Building Enterprise RAG System from 0 to 1
Author: Zhang JunhaoDate: 2024-05-20Tags: AI, RAG, Vector DB
Background
With the rise of Large Language Models (LLM), the demand for private knowledge base Q&A in enterprises is growing. General LLMs lack domain-specific knowledge and suffer from hallucinations. Retrieval-Augmented Generation (RAG) has become the key to solving this problem.
Core Architecture
Our RAG system mainly includes the following modules:
- Data Processing Pipeline (ETL)
- Supports parsing of various document formats such as PDF, Word, Markdown.
- Uses LangChain's
RecursiveCharacterTextSplitterfor text chunking to ensure semantic integrity.
- Vector Store
- Selection: We compared Milvus, Qdrant, and pgvector, and finally chose Qdrant because it is lightweight, high-performance, and supports Rust.
- Embedding Model: Used BGE-Large-zh-v1.5, which performs excellently in Chinese semantic matching.
- Retrieval & Generation
- Hybrid Retrieval: Combining keyword retrieval (BM25) with vector retrieval to improve recall rate.

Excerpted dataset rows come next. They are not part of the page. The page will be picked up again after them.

lemma poly_higher_pderiv_1:
  fixes p :: "'a::{idom,semiring_char_0} poly"
  shows "poly ((pderiv ^^ k) p) 1 = (-1) ^ k * fact k * coeff (p \<circ>\<^sub>p [:1, -1:]) k"
proof -
  have "fact k * coeff (p \<circ>\<^sub>p [:1, -1:]) k = (-1) ^ k * poly ((pderiv ^^ k) p) 1"
    by (simp flip: poly_higher_pderiv_0 add: higher_pderiv_reflect poly_pcompose)
  then show ?thesis
    by (simp add: mult.assoc flip: power_mult_distrib)
qed

lemma coeff_linear_poly_power':
  fixes a b :: "'a::comm_ring_1"
  shows "coeff ([:a, b:] ^ m) i = (if i \<le> m then of_nat (m choose i) * b ^ i * a ^ (m - i) else 0)"
proof (cases "i \<le> m")
  case False
  have "degree ([:a, b:] ^ m) \<le> m"
    using degree_power_le[of "[:a, b:]" m] by (cases "b = 0") auto
  with False show ?thesis
    by (simp add: coeff_eq_0)
qed (simp add: coeff_linear_poly_power)

section \<open>The coefficients of Delta as derivatives of a polynomial\<close>

definition beta_poly :: "nat \<Rightarrow> complex poly" where
  "beta_poly n = monom 1 n * [:1, -1:] ^ (n - 1)"

lemma poly_beta_poly: "poly (beta_poly n) x = x ^ n * (1 - x) ^ (n - 1)"
  by (simp add: beta_poly_def poly_monom)

lemma beta_poly_reflect: "beta_poly n \<circ>\<^sub>p [:1, -1:] = monom 1 (n - 1) * [:1, -1:] ^ n"
  unfolding poly_eq_poly_eq_iff[symmetric] by (simp add: fun_eq_iff poly_pcompose poly_beta_poly poly_monom)

lemma coeff_beta_poly:
  "coeff (beta_poly n) k =
     (if n \<le> k \<and> k - n \<le> n - 1 then (-1) ^ (k - n) * of_nat ((n - 1) choose (k - n)) else 0)"
  by (auto simp: beta_poly_def coeff_monom_mult coeff_linear_poly_power')

lemma coeff_beta_poly_reflect:
  "coeff (beta_poly n \<circ>\<^sub>p [:1, -1:]) k =
     (if n - 1 \<le> k \<and> k - (n - 1) \<le> n then (-1) ^ (k - (n - 1)) * of_nat (n choose (k - (n - 1))) else 0)"
  by (auto simp: beta_poly_reflect coeff_monom_mult coeff_linear_poly_power')

lemma higher_pderiv_beta_poly:
  assumes "n \<ge> 1"
  shows "(pderiv ^^ (2 * n)) (beta_poly n) = 0"
  using assms by (intro poly_eqI) (simp add: coeff_higher_pderiv coeff_beta_poly)

lemma beta_poly_higher_pderiv_at_0:
  assumes "j < 2 * n"
  shows "(-1) ^ (2 * n - Suc j) * poly ((pderiv ^^ (2 * n - Suc j)) (beta_poly n)) 0 =
           (if j < n then - fact (n - 1) * beta_coeff n j else 0)"
proof (cases "j < n")
  case True
  define i where "i = n - 1 - j"
  have k: "2 * n - Suc j = n + i" and i: "n - Suc j = i" and j: "n - Suc i = j" and "i \<le> n - 1"
    using True by (auto simp: i_def)
  have binom: "of_nat ((n - 1) choose i) = (fact (n - 1) / (fact j * fact i) :: complex)"
    using binomial_fact[OF \<open>i \<le> n - 1\<close>] by (simp add: j mult.commute)
  have sgn: "(-1) ^ (n + i) * (-1) ^ i = - ((-1) ^ (n - 1) :: complex)"
    using True by (cases n) (simp_all add: power_add)
  have "(-1) ^ (2 * n - Suc j) * poly ((pderiv ^^ (2 * n - Suc j)) (beta_poly n)) 0 =
          ((-1) ^ (n + i) * (-1) ^ i) * fact (n + i) * of_nat ((n - 1) choose i)"
    using \<open>i \<le> n - 1\<close> by (simp add: k poly_higher_pderiv_0 coeff_beta_poly)
  also have "\<dots> = - fact (n - 1) * beta_coeff n j"
    unfolding sgn binom beta_coeff_def by (simp add: k i)
  finally show ?thesis
    using True by simp
qed (use assms in \<open>simp add: poly_higher_pderiv_0 coeff_beta_poly\<close>)

lemma beta_poly_higher_pderiv_at_1:
  assumes "j < 2 * n"
  shows "(-1) ^ (2 * n - Suc j) * poly ((pderiv ^^ (2 * n - Suc j)) (beta_poly n)) 1 =
           (if j < n then fact (n - 1) * b_coeff n j else if j = n then fact (n - 1) else 0)"
proof -
  define k where "k = 2 * n - Suc j"
  have "(-1) ^ k * poly ((pderiv ^^ k) (beta_poly n)) 1 = fact k * coeff (beta_poly n \<circ>\<^sub>p [:1, -1:]) k"
    by (simp add: poly_higher_pderiv_1 mult.assoc flip: power_mult_distrib)
  moreover have "fact k * coeff (beta_poly n \<circ>\<^sub>p [:1, -1:]) k = fact (n - 1) * b_coeff n j" if "j < n"
  proof -
    define i where "i = n - j"
    have k: "k = n - 1 + i" and "k - (n - 1) = i" "n - i = j" "i \<le> n" "n - 1 \<le> k"
      and b: "2 * n - j - 1 = k" "n - j = i"
      using that assms by (auto simp: k_def i_def)
    have binom: "of_nat (n choose i) = (fact n / (fact j * fact i) :: complex)"
      using binomial_fact[OF \<open>i \<le> n\<close>] by (simp add: \<open>n - i = j\<close> mult.commute)
    have binom': "of_nat (k choose (n - 1)) = (fact k / (fact (n - 1) * fact i) :: complex)"
      using binomial_fact[of "n - 1" k] by (simp add: k)
    show ?thesis
      unfolding b_coeff_def coeff_beta_poly_reflect b binom'
      using \<open>k - (n - 1) = i\<close> \<open>n - 1 \<le> k\<close> \<open>i \<le> n\<close> by (simp add: binom)
  qed
  moreover have "coeff (beta_poly n \<circ>\<^sub>p [:1, -1:]) k = (if j = n then 1 else 0)" if "\<not> j < n"
    using that assms by (auto simp: k_def coeff_beta_poly_reflect)
  ultimately show ?thesis
    by (simp add: k_def)
qed

text \<open>
  z^(2n) times the boundary term of poly_exp_has_integral for beta_poly n at x, reindexed by
  j = 2n - 1 - k.
\<close>

definition boundary_sum :: "nat \<Rightarrow> complex \<Rightarrow> complex \<Rightarrow> complex" where
  "boundary_sum n x z =
     (\<Sum>j<2 * n. (-1) ^ (2 * n - Suc j) * poly ((pderiv ^^ (2 * n - Suc j)) (beta_poly n)) x * z ^ j)"

lemma boundary_sum_at_1:
  assumes "n \<ge> 1"
  shows "boundary_sum n 1 z = fact (n - 1) * (z ^ n + (\<Sum>j<n. b_coeff n j * z ^ j))"
proof -
  have "boundary_sum n 1 z = (\<Sum>j<Suc n. (-1) ^ (2 * n - Suc j) * poly ((pderiv ^^ (2 * n - Suc j)) (beta_poly n)) 1 * z ^ j)"
    unfolding boundary_sum_def using assms
    by (intro sum.mono_neutral_right) (auto simp: beta_poly_higher_pderiv_at_1)
  also have "\<dots> = (\<Sum>j<n. fact (n - 1) * b_coeff n j * z ^ j) + fact (n - 1) * z ^ n"
    using assms by (auto simp: beta_poly_higher_pderiv_at_1 intro!: sum.cong)
  finally show ?thesis
    by (simp add: algebra_simps sum_distrib_left)
qed

lemma boundary_sum_at_0:
  assumes "n \<ge> 1"
  shows "boundary_sum n 0 z = - fact (n - 1) * (\<Sum>j<n. beta_coeff n j * z ^ j)"
proof -
  have "boundary_sum n 0 z = (\<Sum>j<n. (-1) ^ (2 * n - Suc j) * poly ((pderiv ^^ (2 * n - Suc j)) (beta_poly n)) 0 * z ^ j)"
    unfolding boundary_sum_def using assms
    by (intro sum.mono_neutral_right) (auto simp: beta_poly_higher_pderiv_at_0)
  also have "\<dots> = (\<Sum>j<n. - fact (n - 1) * beta_coeff n j * z ^ j)"
    by (auto simp: beta_poly_higher_pderiv_at_0 intro!: sum.cong)
  finally show ?thesis
    by (simp add: sum_distrib_left mult.assoc)
qed

section \<open>Laplace transforms of beta densities\<close>

definition beta_weight :: "nat \<Rightarrow> real \<Rightarrow> real" where
  "beta_weight n t = (t * (1 - t)) ^ (n - 1)"

definition beta_laplace :: "nat \<Rightarrow> nat \<Rightarrow> complex \<Rightarrow> complex" where
  "beta_laplace n j w = integral {0..1} (\<lambda>t. of_real (t ^ j * beta_weight n t) * exp (of_real t * w))"

lemma beta_laplace_has_integral:
  "((\<lambda>t. of_real (t ^ j * beta_weight n t) * exp (of_real t * w)) has_integral beta_laplace n j w) {0..1}"
  unfolding beta_laplace_def beta_weight_def
  by (intro integrable_integral integrable_continuous_interval continuous_intros)
(* Let $\mathbf{L}\in\mathbb{R}^{n\times n}$ be symmetric and $\mathbf{V}\in\mathbb{R}^{n\times p}$ ($0\le p\le n$) of full column rank, such that $\widetilde{\mathbf{L}}=(\mathbf{I}-\mathbf{Q}\mathbf{Q}^\top)\mathbf{L}(\mathbf{I}-\mathbf{Q}\mathbf{Q}^\top)$ is positive semi-definite, where $\mathbf{Q}\in\mathbb{R}^{n\times p}$ is an orthonormal basis of the column span of $\mathbf{V}$. Let $\sigma^2>0$ and, for $\varepsilon>0$, let $$\mathbf{M}_\varepsilon=(\mathbf{L}+\varepsilon^{-1}\mathbf{V}\mathbf{V}^\top)(\mathbf{L}+\sigma^2\mathbf{I}+\varepsilon^{-1}\mathbf{V}\mathbf{V}^\top)^{-1}.$$ Then as $\varepsilon\to0$, $$\mathbf{M}_\varepsilon=\mathbf{Q}\mathbf{Q}^\top+\widetilde{\mathbf{U}}\widetilde{\boldsymbol\Lambda}(\widetilde{\boldsymbol\Lambda}+\sigma^2\mathbf{I})^{-1}\widetilde{\mathbf{U}}^\top+O(\varepsilon)=\mathbf{Q}\mathbf{Q}^\top+\widetilde{\mathbf{L}}(\widetilde{\mathbf{L}}+\sigma^2\mathbf{I})^{-1}+O(\varepsilon),$$ where $\widetilde{\mathbf{L}}=\widetilde{\mathbf{U}}\widetilde{\boldsymbol\Lambda}\widetilde{\mathbf{U}}^\top$ is the truncated spectral decomposition of $\widetilde{\mathbf{L}}$ ($\widetilde{\boldsymbol\Lambda}$ the diagonal matrix of its nonzero eigenvalues, $\widetilde{\mathbf{U}}$ the corresponding orthonormal eigenvectors).
   Context: $\mathbf{M}_\varepsilon$ is the smoother matrix of GP regression with covariance matrix $\mathbf{L}+\varepsilon^{-1}\mathbf{V}\mathbf{V}^\top$ and noise variance $\sigma^2$. *)

theory Defs
  imports "Jordan_Normal_Form.Gauss_Jordan_Elimination" "HOL-Library.Landau_Symbols"
begin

- Rerank: Introduced BGE-Reranker to refine the recall results.
Pitfalls and Solutions
1. Document Splitting Granularity
Splitting too finely leads to broken semantics, while splitting too coarsely includes too much noise. Solution: Adopt "Parent-Child Indexing" strategy. Match small chunks (child documents) during retrieval, and recall the larger chunks (parent documents) they belong to during generation.
2. Table Data Processing
Tables in PDFs lose structural information when converted directly to text. Solution: Use specialized table parsing models (such as Table Transformer) to extract table structures and convert them to Markdown format or JSON for storage.
Summary
Building a RAG system is not just about calling packages, but more about refined data processing and deep understanding of business scenarios. In the future, we will explore GraphRAG (Knowledge Graph-based RAG) to handle more complex reasoning problems.